## ASSIGNED TASK
Among the records below, determine how many lines have the word "positive" in them; output only the number.
[SOURCE DATA]
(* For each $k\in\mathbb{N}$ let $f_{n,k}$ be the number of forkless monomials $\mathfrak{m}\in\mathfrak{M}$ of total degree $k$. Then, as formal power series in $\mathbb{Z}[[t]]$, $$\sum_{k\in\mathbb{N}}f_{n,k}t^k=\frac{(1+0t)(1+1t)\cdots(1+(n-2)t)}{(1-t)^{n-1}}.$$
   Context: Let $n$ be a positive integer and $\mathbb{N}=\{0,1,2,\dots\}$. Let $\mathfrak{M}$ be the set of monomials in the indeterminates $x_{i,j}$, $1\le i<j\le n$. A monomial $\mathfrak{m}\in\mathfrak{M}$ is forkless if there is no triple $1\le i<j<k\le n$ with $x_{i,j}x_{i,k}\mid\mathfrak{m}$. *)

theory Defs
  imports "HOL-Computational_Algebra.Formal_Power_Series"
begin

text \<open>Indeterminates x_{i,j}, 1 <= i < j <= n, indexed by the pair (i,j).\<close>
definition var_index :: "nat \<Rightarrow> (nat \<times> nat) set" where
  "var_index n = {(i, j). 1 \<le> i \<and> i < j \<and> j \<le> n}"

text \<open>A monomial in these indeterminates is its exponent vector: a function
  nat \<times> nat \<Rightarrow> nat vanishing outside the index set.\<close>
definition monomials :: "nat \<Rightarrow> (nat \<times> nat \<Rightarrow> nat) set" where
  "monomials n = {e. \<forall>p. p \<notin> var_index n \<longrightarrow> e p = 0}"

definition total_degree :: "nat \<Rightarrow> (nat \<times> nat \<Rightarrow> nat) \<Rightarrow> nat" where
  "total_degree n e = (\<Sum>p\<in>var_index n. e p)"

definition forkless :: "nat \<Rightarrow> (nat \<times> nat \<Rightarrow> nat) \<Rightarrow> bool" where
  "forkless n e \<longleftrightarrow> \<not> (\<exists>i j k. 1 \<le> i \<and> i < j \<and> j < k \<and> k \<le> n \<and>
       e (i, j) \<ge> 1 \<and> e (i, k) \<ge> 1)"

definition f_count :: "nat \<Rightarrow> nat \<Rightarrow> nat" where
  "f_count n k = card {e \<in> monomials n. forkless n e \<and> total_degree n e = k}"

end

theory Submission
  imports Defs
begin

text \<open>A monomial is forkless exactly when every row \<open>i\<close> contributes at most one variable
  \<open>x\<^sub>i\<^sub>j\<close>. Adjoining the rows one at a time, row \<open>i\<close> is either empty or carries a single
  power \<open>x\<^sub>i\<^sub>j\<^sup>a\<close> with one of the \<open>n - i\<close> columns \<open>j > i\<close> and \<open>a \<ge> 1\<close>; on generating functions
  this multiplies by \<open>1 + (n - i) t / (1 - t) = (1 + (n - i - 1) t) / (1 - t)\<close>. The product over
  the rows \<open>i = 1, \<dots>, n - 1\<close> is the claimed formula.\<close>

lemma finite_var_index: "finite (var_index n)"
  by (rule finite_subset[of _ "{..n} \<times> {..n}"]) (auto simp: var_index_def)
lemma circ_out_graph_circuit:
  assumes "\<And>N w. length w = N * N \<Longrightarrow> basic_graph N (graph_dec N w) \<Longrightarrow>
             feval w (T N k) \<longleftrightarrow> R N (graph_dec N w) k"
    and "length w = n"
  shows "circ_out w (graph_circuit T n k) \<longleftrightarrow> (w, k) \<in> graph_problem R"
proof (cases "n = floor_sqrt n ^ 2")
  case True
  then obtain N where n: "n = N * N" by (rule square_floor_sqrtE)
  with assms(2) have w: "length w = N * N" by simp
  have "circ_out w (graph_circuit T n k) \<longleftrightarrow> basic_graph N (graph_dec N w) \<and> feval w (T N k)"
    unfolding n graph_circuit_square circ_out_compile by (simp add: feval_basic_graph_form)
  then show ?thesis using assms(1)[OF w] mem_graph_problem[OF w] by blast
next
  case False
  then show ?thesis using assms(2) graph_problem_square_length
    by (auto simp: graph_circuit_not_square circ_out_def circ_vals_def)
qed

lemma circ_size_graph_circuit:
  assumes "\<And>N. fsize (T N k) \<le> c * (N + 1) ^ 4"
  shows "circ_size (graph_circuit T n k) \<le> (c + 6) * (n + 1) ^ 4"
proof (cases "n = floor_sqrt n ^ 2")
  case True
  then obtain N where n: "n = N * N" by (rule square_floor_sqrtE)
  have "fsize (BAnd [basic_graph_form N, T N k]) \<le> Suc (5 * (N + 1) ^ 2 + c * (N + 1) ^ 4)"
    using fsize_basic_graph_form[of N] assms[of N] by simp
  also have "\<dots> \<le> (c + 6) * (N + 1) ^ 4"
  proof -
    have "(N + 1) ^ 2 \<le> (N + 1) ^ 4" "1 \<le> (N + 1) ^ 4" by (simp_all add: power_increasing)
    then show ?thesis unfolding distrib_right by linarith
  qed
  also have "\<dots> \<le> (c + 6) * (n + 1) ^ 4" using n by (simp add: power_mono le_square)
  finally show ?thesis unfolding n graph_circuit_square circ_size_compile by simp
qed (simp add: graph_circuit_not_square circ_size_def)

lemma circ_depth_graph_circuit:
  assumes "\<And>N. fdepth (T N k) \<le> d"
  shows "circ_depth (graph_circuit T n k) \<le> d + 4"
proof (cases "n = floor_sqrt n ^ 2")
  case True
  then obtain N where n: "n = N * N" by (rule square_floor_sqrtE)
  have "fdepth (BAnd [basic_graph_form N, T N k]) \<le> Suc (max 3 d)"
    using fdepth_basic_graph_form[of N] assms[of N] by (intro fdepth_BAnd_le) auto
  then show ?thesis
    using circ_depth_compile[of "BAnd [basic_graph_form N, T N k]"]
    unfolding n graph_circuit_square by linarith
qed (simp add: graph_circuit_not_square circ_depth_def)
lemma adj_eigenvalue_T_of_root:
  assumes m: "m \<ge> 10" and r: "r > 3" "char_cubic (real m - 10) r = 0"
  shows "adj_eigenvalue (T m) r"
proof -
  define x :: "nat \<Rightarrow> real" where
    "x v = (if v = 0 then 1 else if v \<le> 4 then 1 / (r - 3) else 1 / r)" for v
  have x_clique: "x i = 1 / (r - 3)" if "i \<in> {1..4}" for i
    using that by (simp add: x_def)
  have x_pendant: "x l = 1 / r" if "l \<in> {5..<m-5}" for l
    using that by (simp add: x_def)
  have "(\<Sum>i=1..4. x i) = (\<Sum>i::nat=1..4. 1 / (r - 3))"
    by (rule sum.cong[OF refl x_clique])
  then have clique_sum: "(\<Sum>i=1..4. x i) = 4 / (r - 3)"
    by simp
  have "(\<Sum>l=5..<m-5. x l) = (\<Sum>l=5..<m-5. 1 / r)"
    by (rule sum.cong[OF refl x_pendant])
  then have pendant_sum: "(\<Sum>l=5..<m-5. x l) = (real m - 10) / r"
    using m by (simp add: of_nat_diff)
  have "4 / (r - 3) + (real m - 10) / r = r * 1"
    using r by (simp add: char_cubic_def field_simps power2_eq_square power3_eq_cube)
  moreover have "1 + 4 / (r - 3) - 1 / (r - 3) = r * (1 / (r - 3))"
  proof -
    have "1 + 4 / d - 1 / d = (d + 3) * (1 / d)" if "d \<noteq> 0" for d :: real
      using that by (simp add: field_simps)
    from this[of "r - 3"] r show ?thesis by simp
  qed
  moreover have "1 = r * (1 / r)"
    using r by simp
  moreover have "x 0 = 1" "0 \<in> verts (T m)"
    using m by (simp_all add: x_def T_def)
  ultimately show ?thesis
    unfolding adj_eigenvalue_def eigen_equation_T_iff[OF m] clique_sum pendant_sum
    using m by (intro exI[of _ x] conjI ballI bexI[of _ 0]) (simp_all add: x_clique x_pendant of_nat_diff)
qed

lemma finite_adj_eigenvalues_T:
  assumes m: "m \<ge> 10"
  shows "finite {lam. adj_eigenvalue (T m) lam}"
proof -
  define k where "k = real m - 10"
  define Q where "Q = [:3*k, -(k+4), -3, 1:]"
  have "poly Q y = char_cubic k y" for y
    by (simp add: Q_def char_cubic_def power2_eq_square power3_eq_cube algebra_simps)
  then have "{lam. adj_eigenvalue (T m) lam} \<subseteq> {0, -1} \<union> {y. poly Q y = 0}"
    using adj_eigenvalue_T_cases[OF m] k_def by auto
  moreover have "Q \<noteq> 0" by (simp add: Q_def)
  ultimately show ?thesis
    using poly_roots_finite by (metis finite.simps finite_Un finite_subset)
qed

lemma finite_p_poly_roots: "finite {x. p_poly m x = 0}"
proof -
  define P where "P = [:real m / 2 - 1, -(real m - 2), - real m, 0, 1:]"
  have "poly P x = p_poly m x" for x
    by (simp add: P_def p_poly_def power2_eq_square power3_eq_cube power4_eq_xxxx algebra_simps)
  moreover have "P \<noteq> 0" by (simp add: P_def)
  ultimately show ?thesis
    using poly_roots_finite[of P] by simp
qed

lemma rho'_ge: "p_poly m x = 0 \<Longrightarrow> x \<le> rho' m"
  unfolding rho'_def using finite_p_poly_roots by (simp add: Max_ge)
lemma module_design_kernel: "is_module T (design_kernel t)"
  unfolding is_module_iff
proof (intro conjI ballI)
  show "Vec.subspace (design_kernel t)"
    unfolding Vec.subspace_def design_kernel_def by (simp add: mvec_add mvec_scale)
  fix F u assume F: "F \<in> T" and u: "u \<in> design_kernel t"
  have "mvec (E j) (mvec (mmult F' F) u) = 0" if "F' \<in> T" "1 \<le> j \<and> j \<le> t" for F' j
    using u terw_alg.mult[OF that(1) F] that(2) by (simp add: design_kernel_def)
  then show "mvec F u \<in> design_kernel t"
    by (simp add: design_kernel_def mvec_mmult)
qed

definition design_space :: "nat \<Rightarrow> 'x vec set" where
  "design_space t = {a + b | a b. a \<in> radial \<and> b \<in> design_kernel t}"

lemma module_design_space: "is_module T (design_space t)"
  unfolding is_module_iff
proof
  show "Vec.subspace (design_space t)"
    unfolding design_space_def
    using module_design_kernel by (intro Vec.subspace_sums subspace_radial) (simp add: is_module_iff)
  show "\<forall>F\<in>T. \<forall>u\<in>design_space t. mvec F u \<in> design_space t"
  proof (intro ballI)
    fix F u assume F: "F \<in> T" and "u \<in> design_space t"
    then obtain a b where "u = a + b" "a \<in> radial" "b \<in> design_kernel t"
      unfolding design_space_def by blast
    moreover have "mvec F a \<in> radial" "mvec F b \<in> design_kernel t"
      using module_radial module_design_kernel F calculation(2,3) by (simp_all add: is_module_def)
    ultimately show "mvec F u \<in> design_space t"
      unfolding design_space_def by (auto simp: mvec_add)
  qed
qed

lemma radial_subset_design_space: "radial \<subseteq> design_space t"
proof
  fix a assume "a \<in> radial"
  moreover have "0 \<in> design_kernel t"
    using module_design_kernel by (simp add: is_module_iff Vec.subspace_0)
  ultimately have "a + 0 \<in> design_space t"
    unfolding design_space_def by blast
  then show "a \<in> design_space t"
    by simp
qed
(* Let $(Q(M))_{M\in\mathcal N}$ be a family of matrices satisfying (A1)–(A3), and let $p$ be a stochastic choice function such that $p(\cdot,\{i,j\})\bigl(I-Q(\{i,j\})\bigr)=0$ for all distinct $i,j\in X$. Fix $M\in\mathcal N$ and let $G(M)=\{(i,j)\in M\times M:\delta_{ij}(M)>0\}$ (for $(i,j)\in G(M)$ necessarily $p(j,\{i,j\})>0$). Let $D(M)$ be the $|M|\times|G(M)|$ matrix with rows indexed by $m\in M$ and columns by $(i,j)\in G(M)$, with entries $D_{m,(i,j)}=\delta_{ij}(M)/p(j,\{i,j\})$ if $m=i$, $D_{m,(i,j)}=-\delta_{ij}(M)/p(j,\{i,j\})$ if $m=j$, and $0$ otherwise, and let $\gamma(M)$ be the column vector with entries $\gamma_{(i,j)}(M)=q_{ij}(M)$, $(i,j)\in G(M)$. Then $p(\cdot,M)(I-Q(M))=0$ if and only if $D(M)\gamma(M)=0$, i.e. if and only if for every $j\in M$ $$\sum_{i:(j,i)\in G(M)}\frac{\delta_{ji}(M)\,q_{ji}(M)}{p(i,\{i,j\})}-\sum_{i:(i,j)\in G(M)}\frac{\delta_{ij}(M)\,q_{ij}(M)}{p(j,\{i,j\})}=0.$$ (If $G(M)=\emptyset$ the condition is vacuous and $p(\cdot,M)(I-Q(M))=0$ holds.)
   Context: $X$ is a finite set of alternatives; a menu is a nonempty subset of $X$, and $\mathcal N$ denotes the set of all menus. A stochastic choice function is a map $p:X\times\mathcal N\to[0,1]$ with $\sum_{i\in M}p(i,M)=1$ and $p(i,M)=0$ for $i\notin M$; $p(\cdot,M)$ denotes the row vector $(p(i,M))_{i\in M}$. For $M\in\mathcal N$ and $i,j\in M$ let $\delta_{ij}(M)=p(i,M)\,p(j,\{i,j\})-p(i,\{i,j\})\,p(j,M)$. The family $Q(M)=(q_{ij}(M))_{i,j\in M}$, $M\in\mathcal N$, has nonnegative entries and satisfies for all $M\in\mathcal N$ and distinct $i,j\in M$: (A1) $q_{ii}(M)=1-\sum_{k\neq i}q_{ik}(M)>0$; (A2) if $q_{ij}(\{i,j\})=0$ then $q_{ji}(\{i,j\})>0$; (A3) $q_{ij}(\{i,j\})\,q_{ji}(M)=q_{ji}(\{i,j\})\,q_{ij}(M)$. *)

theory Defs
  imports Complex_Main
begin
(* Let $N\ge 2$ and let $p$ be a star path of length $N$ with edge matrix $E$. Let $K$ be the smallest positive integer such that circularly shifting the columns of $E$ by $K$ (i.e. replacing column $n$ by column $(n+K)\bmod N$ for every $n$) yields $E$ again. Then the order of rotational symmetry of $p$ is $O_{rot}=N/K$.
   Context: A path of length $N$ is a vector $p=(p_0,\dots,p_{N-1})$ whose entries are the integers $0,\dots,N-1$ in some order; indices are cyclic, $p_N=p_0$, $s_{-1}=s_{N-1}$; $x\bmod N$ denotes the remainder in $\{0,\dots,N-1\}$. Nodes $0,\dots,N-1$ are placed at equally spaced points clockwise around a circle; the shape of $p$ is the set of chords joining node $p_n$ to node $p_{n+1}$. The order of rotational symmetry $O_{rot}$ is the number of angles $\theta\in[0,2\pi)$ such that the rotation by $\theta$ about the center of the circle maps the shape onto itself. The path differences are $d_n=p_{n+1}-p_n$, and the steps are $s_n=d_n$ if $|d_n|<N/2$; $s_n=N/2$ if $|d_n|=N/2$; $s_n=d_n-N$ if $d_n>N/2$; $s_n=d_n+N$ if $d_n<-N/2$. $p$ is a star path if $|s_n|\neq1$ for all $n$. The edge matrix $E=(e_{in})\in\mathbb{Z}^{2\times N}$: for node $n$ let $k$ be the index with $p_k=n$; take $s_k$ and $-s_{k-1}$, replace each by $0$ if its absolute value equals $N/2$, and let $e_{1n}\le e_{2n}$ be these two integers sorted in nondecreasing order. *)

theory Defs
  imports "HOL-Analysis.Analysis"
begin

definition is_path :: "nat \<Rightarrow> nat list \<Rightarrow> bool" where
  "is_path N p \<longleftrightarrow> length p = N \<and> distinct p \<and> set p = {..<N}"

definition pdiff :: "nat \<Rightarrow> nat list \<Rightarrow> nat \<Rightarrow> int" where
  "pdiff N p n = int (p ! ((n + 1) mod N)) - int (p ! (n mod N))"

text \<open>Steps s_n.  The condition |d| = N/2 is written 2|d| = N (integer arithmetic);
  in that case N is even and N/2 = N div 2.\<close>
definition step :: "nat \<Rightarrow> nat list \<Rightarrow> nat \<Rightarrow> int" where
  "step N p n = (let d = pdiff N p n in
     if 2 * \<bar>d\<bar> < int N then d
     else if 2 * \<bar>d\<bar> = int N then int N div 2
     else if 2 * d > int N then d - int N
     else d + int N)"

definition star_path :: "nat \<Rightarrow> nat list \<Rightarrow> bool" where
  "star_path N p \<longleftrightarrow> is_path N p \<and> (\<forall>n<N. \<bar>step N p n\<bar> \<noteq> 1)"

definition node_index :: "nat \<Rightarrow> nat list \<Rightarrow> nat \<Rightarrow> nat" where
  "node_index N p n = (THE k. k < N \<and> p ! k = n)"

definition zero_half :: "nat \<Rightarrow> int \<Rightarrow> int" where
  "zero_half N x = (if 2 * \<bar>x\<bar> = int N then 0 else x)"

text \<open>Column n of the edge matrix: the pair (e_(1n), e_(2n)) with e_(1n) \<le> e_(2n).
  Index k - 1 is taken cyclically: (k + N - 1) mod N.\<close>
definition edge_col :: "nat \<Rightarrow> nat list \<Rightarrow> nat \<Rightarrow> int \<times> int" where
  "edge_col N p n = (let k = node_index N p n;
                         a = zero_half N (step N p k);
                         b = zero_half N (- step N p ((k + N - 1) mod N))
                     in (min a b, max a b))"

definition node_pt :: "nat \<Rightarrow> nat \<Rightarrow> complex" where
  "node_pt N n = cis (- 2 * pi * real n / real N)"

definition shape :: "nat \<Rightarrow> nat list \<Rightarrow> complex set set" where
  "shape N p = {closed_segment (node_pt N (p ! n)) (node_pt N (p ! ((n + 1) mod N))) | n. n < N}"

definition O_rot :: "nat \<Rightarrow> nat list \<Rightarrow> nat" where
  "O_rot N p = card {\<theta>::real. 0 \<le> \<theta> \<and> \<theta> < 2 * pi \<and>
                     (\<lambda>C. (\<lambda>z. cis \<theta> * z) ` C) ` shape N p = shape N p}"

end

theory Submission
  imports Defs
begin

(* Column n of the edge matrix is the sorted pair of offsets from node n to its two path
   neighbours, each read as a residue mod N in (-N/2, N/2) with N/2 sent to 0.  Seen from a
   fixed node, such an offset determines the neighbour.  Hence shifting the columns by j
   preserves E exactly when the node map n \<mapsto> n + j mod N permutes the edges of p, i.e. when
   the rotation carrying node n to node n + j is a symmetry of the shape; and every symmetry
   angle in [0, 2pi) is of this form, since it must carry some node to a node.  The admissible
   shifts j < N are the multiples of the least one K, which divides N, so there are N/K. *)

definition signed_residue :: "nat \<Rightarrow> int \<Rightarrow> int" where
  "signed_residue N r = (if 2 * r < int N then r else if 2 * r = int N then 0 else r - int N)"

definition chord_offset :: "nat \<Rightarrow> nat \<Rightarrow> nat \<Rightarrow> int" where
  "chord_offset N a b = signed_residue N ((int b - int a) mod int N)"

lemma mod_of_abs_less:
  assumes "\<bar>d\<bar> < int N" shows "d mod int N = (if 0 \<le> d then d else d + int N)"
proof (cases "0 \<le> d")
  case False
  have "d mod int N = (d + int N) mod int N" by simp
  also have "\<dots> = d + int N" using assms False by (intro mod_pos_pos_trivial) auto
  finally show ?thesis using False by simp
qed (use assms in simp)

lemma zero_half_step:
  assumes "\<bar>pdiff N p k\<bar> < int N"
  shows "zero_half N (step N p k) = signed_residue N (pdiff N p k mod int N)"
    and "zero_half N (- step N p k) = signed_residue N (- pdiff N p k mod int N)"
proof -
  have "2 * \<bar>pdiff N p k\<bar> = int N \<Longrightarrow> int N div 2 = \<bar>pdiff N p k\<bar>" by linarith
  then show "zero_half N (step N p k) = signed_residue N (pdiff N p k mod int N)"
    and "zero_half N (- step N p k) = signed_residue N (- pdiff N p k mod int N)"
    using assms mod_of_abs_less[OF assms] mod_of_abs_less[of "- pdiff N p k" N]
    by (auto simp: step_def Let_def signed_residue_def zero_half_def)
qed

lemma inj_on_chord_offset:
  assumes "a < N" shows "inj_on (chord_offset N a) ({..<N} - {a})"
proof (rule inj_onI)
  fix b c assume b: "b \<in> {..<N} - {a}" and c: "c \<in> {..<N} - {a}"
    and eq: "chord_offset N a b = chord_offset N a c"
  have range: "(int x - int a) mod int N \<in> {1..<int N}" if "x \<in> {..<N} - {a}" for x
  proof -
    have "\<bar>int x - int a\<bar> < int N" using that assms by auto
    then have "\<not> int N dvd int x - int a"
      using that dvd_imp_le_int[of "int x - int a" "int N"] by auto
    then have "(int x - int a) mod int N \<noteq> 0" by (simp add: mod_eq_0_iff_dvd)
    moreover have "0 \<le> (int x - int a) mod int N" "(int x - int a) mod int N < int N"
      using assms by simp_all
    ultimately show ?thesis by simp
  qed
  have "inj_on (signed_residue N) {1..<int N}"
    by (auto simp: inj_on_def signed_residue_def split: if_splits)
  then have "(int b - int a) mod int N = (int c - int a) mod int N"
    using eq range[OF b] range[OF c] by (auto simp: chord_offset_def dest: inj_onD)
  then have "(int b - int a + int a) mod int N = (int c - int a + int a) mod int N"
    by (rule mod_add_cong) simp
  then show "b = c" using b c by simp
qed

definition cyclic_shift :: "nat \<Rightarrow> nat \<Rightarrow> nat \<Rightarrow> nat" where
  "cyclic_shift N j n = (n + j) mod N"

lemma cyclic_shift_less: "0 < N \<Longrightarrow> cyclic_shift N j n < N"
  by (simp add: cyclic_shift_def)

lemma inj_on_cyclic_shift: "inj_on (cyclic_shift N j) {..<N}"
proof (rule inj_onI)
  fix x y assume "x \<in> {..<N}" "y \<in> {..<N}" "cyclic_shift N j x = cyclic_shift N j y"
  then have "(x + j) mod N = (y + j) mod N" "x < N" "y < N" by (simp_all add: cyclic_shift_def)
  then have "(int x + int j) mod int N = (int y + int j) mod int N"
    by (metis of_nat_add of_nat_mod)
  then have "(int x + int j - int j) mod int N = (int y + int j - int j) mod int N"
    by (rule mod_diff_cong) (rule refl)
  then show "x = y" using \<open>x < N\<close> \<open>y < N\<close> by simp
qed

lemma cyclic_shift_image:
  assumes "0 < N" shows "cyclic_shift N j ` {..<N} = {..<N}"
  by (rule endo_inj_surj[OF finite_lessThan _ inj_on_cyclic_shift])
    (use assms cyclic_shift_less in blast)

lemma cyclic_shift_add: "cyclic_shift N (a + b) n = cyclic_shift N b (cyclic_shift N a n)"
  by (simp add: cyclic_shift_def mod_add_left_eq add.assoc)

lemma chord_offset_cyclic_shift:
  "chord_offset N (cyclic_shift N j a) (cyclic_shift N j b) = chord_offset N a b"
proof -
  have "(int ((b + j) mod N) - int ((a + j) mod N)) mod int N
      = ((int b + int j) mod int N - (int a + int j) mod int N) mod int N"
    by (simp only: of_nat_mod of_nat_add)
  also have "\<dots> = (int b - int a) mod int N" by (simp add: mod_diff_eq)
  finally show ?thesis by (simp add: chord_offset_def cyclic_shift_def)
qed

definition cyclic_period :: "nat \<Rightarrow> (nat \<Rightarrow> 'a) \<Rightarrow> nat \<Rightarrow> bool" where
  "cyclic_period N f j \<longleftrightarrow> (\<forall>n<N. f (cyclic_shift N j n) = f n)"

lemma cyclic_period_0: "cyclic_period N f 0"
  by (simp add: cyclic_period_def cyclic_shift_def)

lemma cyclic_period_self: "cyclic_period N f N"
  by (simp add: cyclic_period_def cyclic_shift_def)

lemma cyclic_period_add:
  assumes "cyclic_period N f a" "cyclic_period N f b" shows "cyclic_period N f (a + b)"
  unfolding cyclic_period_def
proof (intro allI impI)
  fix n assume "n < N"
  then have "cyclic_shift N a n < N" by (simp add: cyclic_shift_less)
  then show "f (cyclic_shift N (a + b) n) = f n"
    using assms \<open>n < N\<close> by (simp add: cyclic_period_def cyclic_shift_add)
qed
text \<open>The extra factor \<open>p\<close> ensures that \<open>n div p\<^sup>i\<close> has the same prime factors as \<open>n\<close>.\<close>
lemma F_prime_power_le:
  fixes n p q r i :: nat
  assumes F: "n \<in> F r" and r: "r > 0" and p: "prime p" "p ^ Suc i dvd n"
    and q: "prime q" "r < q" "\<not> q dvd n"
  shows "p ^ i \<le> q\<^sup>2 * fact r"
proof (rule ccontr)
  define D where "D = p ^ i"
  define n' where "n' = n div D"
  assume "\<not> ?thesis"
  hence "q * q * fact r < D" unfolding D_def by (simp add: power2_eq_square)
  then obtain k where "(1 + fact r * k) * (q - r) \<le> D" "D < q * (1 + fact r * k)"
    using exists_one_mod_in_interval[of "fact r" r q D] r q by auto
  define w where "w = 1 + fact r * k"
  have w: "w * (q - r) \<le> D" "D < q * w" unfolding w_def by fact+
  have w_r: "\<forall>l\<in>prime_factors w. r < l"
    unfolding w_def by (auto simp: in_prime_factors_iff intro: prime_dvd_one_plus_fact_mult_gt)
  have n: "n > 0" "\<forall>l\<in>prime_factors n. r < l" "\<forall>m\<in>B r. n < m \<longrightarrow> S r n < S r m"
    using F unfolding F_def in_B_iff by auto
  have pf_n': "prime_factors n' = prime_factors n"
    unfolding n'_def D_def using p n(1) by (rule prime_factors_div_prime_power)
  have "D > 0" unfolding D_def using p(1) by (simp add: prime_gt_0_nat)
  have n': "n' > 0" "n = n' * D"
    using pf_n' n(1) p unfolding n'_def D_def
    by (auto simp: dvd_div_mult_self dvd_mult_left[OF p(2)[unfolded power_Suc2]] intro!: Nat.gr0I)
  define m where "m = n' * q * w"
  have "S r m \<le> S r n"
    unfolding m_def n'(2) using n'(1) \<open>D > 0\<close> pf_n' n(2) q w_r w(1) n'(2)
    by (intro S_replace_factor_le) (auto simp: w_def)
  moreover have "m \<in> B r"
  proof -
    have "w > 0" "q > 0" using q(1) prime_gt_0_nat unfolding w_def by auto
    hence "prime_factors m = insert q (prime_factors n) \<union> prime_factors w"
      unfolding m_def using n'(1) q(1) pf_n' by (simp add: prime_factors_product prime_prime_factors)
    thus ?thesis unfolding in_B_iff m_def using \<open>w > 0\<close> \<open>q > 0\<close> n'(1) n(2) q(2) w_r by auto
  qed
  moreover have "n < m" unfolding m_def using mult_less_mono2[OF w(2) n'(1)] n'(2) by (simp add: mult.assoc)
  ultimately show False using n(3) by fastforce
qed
[/SOURCE DATA]
## RESPONSE AREA
2